# [EXERCISE DIRECTIONS]
How many lines of these entries hold the string "exists"? Answer with the number alone.

# [SOURCE DATA]

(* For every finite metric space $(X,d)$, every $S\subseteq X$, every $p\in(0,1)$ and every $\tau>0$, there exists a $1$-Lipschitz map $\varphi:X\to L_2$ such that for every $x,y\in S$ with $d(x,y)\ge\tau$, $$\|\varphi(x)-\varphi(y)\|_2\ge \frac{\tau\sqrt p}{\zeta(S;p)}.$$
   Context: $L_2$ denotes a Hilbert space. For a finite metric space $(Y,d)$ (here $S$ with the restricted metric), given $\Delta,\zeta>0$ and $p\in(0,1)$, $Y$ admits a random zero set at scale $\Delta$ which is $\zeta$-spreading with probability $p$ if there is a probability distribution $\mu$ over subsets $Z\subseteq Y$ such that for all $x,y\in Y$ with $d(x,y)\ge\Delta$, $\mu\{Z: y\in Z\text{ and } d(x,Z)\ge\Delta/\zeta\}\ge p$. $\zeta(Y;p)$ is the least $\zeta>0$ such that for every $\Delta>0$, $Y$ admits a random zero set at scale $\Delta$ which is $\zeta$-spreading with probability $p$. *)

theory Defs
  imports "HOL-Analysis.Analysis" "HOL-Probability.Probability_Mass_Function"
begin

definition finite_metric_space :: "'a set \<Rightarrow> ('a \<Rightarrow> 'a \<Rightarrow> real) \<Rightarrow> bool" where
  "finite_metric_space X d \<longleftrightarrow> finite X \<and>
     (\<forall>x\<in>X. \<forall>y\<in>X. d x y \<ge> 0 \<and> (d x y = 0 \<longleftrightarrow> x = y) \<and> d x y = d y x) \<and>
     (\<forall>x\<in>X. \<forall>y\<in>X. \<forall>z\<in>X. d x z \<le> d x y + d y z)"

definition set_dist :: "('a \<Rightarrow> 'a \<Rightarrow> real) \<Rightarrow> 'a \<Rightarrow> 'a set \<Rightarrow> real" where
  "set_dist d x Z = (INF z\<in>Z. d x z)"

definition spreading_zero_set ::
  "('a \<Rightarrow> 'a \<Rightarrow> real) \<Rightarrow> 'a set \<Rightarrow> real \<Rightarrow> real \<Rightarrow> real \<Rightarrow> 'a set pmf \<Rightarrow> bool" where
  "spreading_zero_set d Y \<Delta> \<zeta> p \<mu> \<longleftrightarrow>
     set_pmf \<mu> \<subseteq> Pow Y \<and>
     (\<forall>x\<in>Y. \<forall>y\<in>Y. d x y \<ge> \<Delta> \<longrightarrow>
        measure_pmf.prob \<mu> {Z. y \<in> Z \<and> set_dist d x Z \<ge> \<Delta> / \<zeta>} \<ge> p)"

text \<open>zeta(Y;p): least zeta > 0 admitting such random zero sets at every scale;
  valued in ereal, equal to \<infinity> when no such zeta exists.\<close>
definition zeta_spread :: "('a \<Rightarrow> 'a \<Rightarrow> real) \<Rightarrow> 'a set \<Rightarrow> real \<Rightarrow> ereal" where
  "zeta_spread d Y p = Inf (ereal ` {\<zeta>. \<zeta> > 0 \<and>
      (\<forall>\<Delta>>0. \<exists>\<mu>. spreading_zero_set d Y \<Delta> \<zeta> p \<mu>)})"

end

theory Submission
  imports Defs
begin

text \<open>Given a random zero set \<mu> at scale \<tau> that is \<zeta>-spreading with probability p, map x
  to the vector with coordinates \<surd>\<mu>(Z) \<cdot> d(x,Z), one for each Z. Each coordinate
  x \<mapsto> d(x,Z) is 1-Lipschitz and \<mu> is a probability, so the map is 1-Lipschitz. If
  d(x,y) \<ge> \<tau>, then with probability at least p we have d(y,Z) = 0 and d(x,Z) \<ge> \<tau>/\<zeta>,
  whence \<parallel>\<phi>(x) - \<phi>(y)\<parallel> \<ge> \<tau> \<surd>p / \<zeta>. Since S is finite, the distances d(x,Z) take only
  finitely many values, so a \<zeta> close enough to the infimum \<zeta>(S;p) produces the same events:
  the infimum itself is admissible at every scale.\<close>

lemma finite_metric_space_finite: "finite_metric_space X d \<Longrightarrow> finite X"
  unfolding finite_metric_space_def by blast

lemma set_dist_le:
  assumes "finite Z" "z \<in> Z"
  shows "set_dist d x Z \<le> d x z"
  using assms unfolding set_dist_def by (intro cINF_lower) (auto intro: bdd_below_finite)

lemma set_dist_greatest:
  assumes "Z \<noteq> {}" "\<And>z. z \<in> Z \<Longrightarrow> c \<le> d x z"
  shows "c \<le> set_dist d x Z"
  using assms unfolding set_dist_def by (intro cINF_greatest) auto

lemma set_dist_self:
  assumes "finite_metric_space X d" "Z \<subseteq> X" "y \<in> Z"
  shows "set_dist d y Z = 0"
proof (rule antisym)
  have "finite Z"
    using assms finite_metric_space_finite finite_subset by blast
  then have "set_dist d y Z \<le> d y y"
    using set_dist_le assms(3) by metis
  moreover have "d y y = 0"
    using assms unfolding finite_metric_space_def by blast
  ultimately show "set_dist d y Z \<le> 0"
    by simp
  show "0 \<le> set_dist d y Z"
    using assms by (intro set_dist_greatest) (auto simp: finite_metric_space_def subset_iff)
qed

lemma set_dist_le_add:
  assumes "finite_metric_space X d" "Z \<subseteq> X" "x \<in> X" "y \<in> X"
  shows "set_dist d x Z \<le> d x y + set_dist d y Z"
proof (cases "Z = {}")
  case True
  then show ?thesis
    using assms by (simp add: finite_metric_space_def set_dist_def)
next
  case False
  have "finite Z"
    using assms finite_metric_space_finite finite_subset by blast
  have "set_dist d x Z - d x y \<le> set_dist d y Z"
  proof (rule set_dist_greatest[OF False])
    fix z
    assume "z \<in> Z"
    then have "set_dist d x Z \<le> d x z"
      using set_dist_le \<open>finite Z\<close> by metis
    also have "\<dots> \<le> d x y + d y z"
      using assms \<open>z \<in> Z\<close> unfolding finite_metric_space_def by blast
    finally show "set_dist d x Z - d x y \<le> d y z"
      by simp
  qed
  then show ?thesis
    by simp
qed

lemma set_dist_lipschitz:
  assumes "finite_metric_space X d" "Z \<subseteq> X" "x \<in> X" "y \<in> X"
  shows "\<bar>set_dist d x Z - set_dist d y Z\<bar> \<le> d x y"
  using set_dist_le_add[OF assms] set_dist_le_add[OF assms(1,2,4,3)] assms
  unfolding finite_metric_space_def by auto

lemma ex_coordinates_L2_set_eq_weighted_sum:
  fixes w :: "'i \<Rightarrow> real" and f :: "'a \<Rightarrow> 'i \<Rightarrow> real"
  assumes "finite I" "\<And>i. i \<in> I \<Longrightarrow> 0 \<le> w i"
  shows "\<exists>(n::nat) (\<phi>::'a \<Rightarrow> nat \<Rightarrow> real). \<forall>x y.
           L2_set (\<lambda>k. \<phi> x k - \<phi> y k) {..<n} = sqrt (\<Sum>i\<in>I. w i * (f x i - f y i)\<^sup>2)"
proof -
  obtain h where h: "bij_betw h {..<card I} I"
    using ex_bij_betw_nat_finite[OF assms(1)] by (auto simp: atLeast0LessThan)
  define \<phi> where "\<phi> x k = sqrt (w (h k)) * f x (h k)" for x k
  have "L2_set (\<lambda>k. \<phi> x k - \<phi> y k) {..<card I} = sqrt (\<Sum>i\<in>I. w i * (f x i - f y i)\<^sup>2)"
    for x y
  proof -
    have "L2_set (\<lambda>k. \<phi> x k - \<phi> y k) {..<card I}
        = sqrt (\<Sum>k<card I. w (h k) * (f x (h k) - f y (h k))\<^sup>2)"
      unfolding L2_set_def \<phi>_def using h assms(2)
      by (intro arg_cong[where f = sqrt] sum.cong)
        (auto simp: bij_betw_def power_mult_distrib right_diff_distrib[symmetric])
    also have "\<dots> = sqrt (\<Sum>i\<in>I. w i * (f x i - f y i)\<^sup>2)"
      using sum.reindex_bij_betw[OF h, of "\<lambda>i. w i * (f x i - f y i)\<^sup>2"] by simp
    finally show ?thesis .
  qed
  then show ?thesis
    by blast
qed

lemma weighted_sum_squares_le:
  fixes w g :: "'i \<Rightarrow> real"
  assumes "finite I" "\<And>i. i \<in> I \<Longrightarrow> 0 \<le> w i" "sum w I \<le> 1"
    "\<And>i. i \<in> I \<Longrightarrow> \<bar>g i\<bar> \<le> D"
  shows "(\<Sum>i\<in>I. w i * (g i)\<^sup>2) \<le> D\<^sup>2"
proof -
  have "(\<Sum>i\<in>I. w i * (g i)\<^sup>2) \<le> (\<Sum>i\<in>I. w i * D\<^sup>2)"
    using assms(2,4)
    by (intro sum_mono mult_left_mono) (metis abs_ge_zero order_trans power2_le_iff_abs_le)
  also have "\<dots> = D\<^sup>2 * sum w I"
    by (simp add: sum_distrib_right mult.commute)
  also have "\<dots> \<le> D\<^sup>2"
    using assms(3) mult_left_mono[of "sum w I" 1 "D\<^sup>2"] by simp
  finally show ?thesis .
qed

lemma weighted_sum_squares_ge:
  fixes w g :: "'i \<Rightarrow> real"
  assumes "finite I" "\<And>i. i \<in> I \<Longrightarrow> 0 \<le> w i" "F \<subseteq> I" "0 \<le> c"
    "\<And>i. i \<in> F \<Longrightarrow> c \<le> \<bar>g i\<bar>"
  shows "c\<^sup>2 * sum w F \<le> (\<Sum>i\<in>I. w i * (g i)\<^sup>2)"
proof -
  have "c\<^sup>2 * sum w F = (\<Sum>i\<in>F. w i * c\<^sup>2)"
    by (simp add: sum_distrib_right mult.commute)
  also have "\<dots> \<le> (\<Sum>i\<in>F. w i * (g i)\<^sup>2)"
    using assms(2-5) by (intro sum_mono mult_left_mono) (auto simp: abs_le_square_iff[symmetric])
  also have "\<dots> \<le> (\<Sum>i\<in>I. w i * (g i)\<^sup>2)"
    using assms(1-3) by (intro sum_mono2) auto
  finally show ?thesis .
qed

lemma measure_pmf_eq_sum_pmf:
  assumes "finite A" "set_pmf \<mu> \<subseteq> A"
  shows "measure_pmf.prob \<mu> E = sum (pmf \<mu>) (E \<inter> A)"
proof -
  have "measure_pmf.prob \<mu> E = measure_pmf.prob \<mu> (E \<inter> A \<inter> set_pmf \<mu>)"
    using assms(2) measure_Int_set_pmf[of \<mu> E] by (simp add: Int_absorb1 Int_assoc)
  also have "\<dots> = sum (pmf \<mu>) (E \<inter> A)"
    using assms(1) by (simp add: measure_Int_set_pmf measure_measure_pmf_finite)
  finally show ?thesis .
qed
...
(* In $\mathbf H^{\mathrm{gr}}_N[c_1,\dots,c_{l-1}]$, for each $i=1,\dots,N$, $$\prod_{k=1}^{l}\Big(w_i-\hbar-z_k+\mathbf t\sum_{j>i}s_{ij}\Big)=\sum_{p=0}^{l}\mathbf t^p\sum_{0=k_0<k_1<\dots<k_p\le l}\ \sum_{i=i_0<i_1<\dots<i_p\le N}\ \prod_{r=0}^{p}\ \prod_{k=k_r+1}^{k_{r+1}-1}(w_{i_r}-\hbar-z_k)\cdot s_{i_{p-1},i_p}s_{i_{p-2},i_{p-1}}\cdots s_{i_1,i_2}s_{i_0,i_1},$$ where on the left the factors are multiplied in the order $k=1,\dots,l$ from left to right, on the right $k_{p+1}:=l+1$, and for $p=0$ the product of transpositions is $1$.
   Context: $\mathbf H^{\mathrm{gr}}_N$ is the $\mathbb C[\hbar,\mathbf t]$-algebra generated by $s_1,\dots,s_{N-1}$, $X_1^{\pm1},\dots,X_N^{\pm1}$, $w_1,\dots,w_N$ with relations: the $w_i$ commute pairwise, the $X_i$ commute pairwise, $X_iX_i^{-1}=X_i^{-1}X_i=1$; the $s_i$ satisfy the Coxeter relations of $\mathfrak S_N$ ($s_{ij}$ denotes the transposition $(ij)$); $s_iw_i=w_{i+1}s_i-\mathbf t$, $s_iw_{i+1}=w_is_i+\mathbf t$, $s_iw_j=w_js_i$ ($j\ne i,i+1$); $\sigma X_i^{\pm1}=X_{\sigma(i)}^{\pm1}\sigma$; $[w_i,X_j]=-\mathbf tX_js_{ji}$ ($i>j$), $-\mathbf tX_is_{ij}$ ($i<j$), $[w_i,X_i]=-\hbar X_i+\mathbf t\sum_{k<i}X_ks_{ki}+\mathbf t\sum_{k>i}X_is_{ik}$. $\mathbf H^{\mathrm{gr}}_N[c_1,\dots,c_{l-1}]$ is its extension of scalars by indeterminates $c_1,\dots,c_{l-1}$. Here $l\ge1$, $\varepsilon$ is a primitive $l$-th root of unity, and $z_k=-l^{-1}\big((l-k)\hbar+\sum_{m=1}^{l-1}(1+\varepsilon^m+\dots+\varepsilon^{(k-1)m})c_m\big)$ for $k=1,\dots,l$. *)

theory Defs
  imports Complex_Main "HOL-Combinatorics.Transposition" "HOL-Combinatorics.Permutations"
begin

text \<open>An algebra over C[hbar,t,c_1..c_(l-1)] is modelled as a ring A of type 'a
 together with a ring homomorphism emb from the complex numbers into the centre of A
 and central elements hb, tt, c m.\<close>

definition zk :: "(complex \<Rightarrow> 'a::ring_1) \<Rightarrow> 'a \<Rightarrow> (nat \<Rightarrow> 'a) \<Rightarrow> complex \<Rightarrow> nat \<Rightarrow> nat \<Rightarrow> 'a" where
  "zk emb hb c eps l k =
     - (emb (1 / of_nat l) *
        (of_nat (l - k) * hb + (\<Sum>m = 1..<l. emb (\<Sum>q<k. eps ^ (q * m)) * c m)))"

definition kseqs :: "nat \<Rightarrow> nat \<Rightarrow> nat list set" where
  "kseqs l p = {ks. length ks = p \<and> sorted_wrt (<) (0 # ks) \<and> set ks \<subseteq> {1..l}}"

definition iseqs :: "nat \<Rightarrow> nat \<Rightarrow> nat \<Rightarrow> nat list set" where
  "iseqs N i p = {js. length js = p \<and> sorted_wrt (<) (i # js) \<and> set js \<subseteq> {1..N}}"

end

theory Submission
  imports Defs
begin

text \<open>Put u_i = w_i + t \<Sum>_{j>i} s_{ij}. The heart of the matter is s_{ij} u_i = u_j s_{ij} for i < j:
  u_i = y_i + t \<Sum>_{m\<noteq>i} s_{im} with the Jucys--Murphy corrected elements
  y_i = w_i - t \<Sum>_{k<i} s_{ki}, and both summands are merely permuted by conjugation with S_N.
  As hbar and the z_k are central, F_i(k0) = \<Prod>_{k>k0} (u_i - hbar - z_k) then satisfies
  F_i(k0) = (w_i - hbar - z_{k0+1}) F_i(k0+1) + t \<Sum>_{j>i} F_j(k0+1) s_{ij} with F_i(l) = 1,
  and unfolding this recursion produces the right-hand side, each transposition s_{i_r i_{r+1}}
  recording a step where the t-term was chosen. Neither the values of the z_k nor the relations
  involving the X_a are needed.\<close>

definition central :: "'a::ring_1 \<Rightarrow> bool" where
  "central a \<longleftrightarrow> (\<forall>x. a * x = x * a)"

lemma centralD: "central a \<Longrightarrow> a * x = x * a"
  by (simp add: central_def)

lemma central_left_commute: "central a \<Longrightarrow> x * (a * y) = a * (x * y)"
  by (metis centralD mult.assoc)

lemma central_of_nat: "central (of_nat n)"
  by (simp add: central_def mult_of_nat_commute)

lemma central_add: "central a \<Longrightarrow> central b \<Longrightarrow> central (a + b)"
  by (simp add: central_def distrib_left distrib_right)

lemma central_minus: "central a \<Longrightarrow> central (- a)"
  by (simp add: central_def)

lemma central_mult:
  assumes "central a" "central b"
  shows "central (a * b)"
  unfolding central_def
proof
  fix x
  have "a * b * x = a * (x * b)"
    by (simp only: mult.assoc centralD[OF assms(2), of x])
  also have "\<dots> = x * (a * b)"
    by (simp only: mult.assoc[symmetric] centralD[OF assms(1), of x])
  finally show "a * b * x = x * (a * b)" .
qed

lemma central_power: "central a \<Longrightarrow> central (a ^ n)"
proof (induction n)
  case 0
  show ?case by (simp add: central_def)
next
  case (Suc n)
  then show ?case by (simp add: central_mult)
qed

# [REPLY TO THE EXERCISE]
4